Failed social experiment 😒
So I tried something. A little social experiment of sorts. Most people don't know what I do for work. I just say basic stuff like IT or Networking and that's usually enough because most of my friends are not into that. Anyway, I tried something just to see. Been doing the youtube thing so I thought I'd give it a try. Results were not ideal. It made me a little sad actually but it did make me see a little better.
I told someone what I do a bit more specific but this time I also mentioned my pay, benefits, and retirement plan. This was on purpose and I wanted too see if that made a difference in my friendship and/or romantic life. Well, I didn't even need to wait a week. The person I told this too told me I shouldn't waste my retirement in case I pass away. You see, I can set up my retirement plan so that my spouse will get my retirement should I pass away. Well, I'm not married so there is no spouse to pass it along to so the point is mute. Yet, this "friend" tells me that I should be able to pass my retirement along to someone else and I shouldn't waste it by not passing it on to anyone. As time passed, she all of a sudden has been chatting with me like 10x more than before and her tone and texting has changed.
Later, a close friend of hers started texting me a bit more too. She asked me out again and wanted me to go out with her.....and her son! Well what the heck is that? You don't date and bring your Son out with you. Maybe in time and after awhile, that's when you introduce your kiddos. Oh yeah, she is a single Mom so it's not a weird triangle thing. I put two-and-two together and figured she knew too. She's good friends with the woman I told about my work.
This sucks and makes me a little sad. They've known me for a few years and never really gave me much attention except as good friends and that's more than fine with me. I did this just to see and I see what happened. This means my morals, humor, ethics, hobbies, intergrity, honesty, dependability, hamster wheel spinning around in my head, and basically my overall character that I've been as a friend to these two women all these years meant nothing to them? Only when they know what my pay and benefits are then all of a sudden they want me for maybe something special? I thought what I show is pretty good and enough to bring on the table for a possible relationship. So all these things I am mean nothing and only because of my current financial status info makes me a better person now?

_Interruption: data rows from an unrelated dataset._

(* Let $0<\lambda_1<\cdots<\lambda_n$ be real numbers and let $r>0$. Then the $n\times n$ matrices \[ \left[\frac{1}{\mathcal A(\lambda_i,\lambda_j)^r}\right],\quad \left[H(\lambda_i,\lambda_j)^r\right],\quad \left[\frac{1}{\mathcal H_\nu(\lambda_i,\lambda_j)^r}\right]\ (0\leq\nu\leq 1,\ \nu\neq\tfrac12),\quad \left[\frac{1}{\mathcal B_\alpha(\lambda_i,\lambda_j)^r}\right]\ (0<\alpha<\infty) \] are totally positive, and the matrices \[ \left[\frac{1}{\mathcal H_{1/2}(\lambda_i,\lambda_j)^r}\right]\ \left(=\left[\frac{1}{\mathcal B_0(\lambda_i,\lambda_j)^r}\right]\right)\quad\text{and}\quad \left[\frac{1}{\mathcal B_\infty(\lambda_i,\lambda_j)^r}\right] \] are totally nonnegative.
   Context: For positive reals $a,b$: the arithmetic mean $\mathcal A(a,b)=\frac{a+b}{2}$; the harmonic mean $H(a,b)=\frac{2ab}{a+b}$; the Heinz mean $\mathcal H_\nu(a,b)=\frac{a^\nu b^{1-\nu}+a^{1-\nu}b^\nu}{2}$ for $0\leq\nu\leq1$; the binomial mean $\mathcal B_\alpha(a,b)=\left(\frac{a^\alpha+b^\alpha}{2}\right)^{1/\alpha}$ for real $\alpha\neq0$, with $\mathcal B_0(a,b)=\sqrt{ab}$ and $\mathcal B_\infty(a,b)=\max(a,b)$. All matrices are indexed by $i,j=1,\ldots,n$. A matrix is totally positive (resp. totally nonnegative) if all its minors are positive (resp. nonnegative). *)

theory Defs
  imports Complex_Main "Jordan_Normal_Form.DL_Submatrix" "Jordan_Normal_Form.Determinant"
begin

definition arith_mean :: "real \<Rightarrow> real \<Rightarrow> real" where
  "arith_mean a b = (a + b) / 2"

definition harm_mean :: "real \<Rightarrow> real \<Rightarrow> real" where
  "harm_mean a b = 2 * a * b / (a + b)"

definition heinz_mean :: "real \<Rightarrow> real \<Rightarrow> real \<Rightarrow> real" where
  "heinz_mean \<nu> a b = (a powr \<nu> * b powr (1 - \<nu>) + a powr (1 - \<nu>) * b powr \<nu>) / 2"

text \<open>Binomial mean for real alpha different from 0; B_0 and B_infinity are separate.\<close>
definition binom_mean :: "real \<Rightarrow> real \<Rightarrow> real \<Rightarrow> real" where
  "binom_mean \<alpha> a b = ((a powr \<alpha> + b powr \<alpha>) / 2) powr (1 / \<alpha>)"

definition binom_mean0 :: "real \<Rightarrow> real \<Rightarrow> real" where
  "binom_mean0 a b = sqrt (a * b)"

definition binom_mean_inf :: "real \<Rightarrow> real \<Rightarrow> real" where
  "binom_mean_inf a b = max a b"

definition totally_positive :: "real mat \<Rightarrow> bool" where
  "totally_positive A \<longleftrightarrow>
     (\<forall>I J. I \<subseteq> {..<dim_row A} \<and> J \<subseteq> {..<dim_col A} \<and> I \<noteq> {} \<and> card I = card J
        \<longrightarrow> det (submatrix A I J) > 0)"

definition totally_nonnegative :: "real mat \<Rightarrow> bool" where
  "totally_nonnegative A \<longleftrightarrow>
     (\<forall>I J. I \<subseteq> {..<dim_row A} \<and> J \<subseteq> {..<dim_col A} \<and> I \<noteq> {} \<and> card I = card J
        \<longrightarrow> det (submatrix A I J) \<ge> 0)"

end

theory Submission
  imports Defs "HOL-Real_Asymp.Real_Asymp"
begin

text \<open>
  Up to positive row and column factors and an increasing reparametrisation of the points,
  each matrix of the theorem is a matrix [(x i + y j) powr -s] with s > 0, a rank-one matrix,
  or a limit of matrices of the first kind (1 / max a b is the limit of (a^p + b^p) powr (-1/p)
  as p tends to infinity); and every minor of such a matrix is again of the same kind.
  By Rolle's theorem the functions t \<mapsto> (t + y j) powr -s with distinct y j form a Chebyshev
  system on (0, \<infinity>), so det [(x i + y j) powr -s] never vanishes for increasing positive x and y.
  Since these pairs (x, y) form a convex set, the sign of the determinant is constant; it is
  found by letting the last x and y tend to infinity, which after scaling the last row by T powr s
  leaves 2 powr -s times the determinant of order one less.
\<close>

section \<open>Determinants of matrices given by a formula\<close>

lemma det_mat_eq_sum_permutes:
  fixes h :: "nat \<Rightarrow> nat \<Rightarrow> 'a :: comm_ring_1"
  shows "det (mat m m (\<lambda>(i, j). h i j)) =
    (\<Sum>p | p permutes {0..<m}. of_int (sign p) * (\<Prod>i = 0..<m. h i (p i)))"
  unfolding det_def'[of "mat m m (\<lambda>(i, j). h i j)" m, OF mat_carrier]
  by (intro sum.cong refl arg_cong2[where f = "(*)"] prod.cong) (auto dest: permutes_in_image)

lemma tendsto_det_mat:
  fixes f :: "'b \<Rightarrow> nat \<Rightarrow> nat \<Rightarrow> real"
  assumes "\<And>i j. i < m \<Longrightarrow> j < m \<Longrightarrow> ((\<lambda>t. f t i j) \<longlongrightarrow> g i j) F"
  shows "((\<lambda>t. det (mat m m (\<lambda>(i, j). f t i j))) \<longlongrightarrow> det (mat m m (\<lambda>(i, j). g i j))) F"
  unfolding det_mat_eq_sum_permutes
  by (intro tendsto_intros) (auto intro: assms dest: permutes_in_image)

lemma continuous_on_det_mat:
  fixes f :: "real \<Rightarrow> nat \<Rightarrow> nat \<Rightarrow> real"
  assumes "\<And>i j. i < m \<Longrightarrow> j < m \<Longrightarrow> continuous_on S (\<lambda>t. f t i j)"
  shows "continuous_on S (\<lambda>t. det (mat m m (\<lambda>(i, j). f t i j)))"
  using assms unfolding continuous_on_def by (blast intro: tendsto_det_mat)

lemma det_mat_scale_rows_cols:
  fixes d e :: "nat \<Rightarrow> 'a :: comm_ring_1"
  shows "det (mat m m (\<lambda>(i, j). d i * e j * h i j)) =
    (\<Prod>i<m. d i) * (\<Prod>j<m. e j) * det (mat m m (\<lambda>(i, j). h i j))"
proof -
  have "(\<Prod>i = 0..<m. d i * e (p i) * h i (p i)) =
      (\<Prod>i<m. d i) * (\<Prod>j<m. e j) * (\<Prod>i = 0..<m. h i (p i))"
    if "p permutes {0..<m}" for p
    using prod.permute[OF that, of e]
    by (simp add: prod.distrib lessThan_atLeast0 comp_def)
  then show ?thesis
    unfolding det_mat_eq_sum_permutes by (simp add: sum_distrib_left algebra_simps)
qed

lemma det_mat_last_column_zero:
  fixes g :: "nat \<Rightarrow> nat \<Rightarrow> 'a :: comm_ring_1"
  assumes "\<And>i. i < m \<Longrightarrow> g i m = 0"
  shows "det (mat (Suc m) (Suc m) (\<lambda>(i, j). g i j)) = g m m * det (mat m m (\<lambda>(i, j). g i j))"
proof -
  let ?G = "mat (Suc m) (Suc m) (\<lambda>(i, j). g i j)"
  have "det ?G = (\<Sum>i<Suc m. ?G $$ (i, m) * cofactor ?G i m)"
    by (rule laplace_expansion_column) auto
  also have "\<dots> = g m m * cofactor ?G m m"
    using assms by simp
  also have "mat_delete ?G m m = mat m m (\<lambda>(i, j). g i j)"
    by (rule eq_matI) (auto simp: mat_delete_def)
  then have "cofactor ?G m m = det (mat m m (\<lambda>(i, j). g i j))"
    by (simp add: cofactor_def)
  finally show ?thesis .
qed

lemma det_mat_const_one_nonneg: "0 \<le> det (mat m m (\<lambda>_. 1 :: real))"
proof (cases "m \<le> 1")
  case True
  then have "mat m m (\<lambda>_. 1 :: real) = 1\<^sub>m m" by (intro eq_matI) auto
  then show ?thesis by simp
next
  case False
  then have "det (mat m m (\<lambda>_. 1 :: real)) = 0"
    by (intro det_identical_rows[of _ m 0 1]) (auto simp: row_mat)
  then show ?thesis by simp
qed

section \<open>Totally positive kernels on the positive reals\<close>

definition pos_increasing :: "nat \<Rightarrow> (nat \<Rightarrow> real) \<Rightarrow> bool" where
  "pos_increasing m x \<longleftrightarrow> (\<forall>i<m. 0 < x i) \<and> (\<forall>i j. i < j \<longrightarrow> j < m \<longrightarrow> x i < x j)"

lemma pos_increasing_Suc_imp: "pos_increasing (Suc m) x \<Longrightarrow> pos_increasing m x"
  unfolding pos_increasing_def by auto

lemma pos_increasing_upd_last:
  assumes "pos_increasing (Suc m) x" "x m \<le> a"
  shows "pos_increasing (Suc m) (x(m := a))"
  using assms unfolding pos_increasing_def
  by (auto simp: less_Suc_eq intro: less_le_trans)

So yeah.. got me down a little bit but it's something I needed to learn and know. I didn't even reply to the other lady that wanted me to go out with her ad her kiddo. Nope, not going that way. Surprising myself actually. She is pretty cute too and I'm not wanting to go out with her? Some people would slap me telling me to wake the heck up. Blond, blue eyes, and a little overweight but it's mostly on her butt and it actually makes her look hotter so she is more than yummy enough to physically. I forgot what her ethnicity is. Some European Country but I don't recall what she said.
That's all I got for now. All I can do is keep striving to better myself and stay as happy as I can. For sure, no more of these experiments.
From the guy that apparently has a hidden heart, later diary.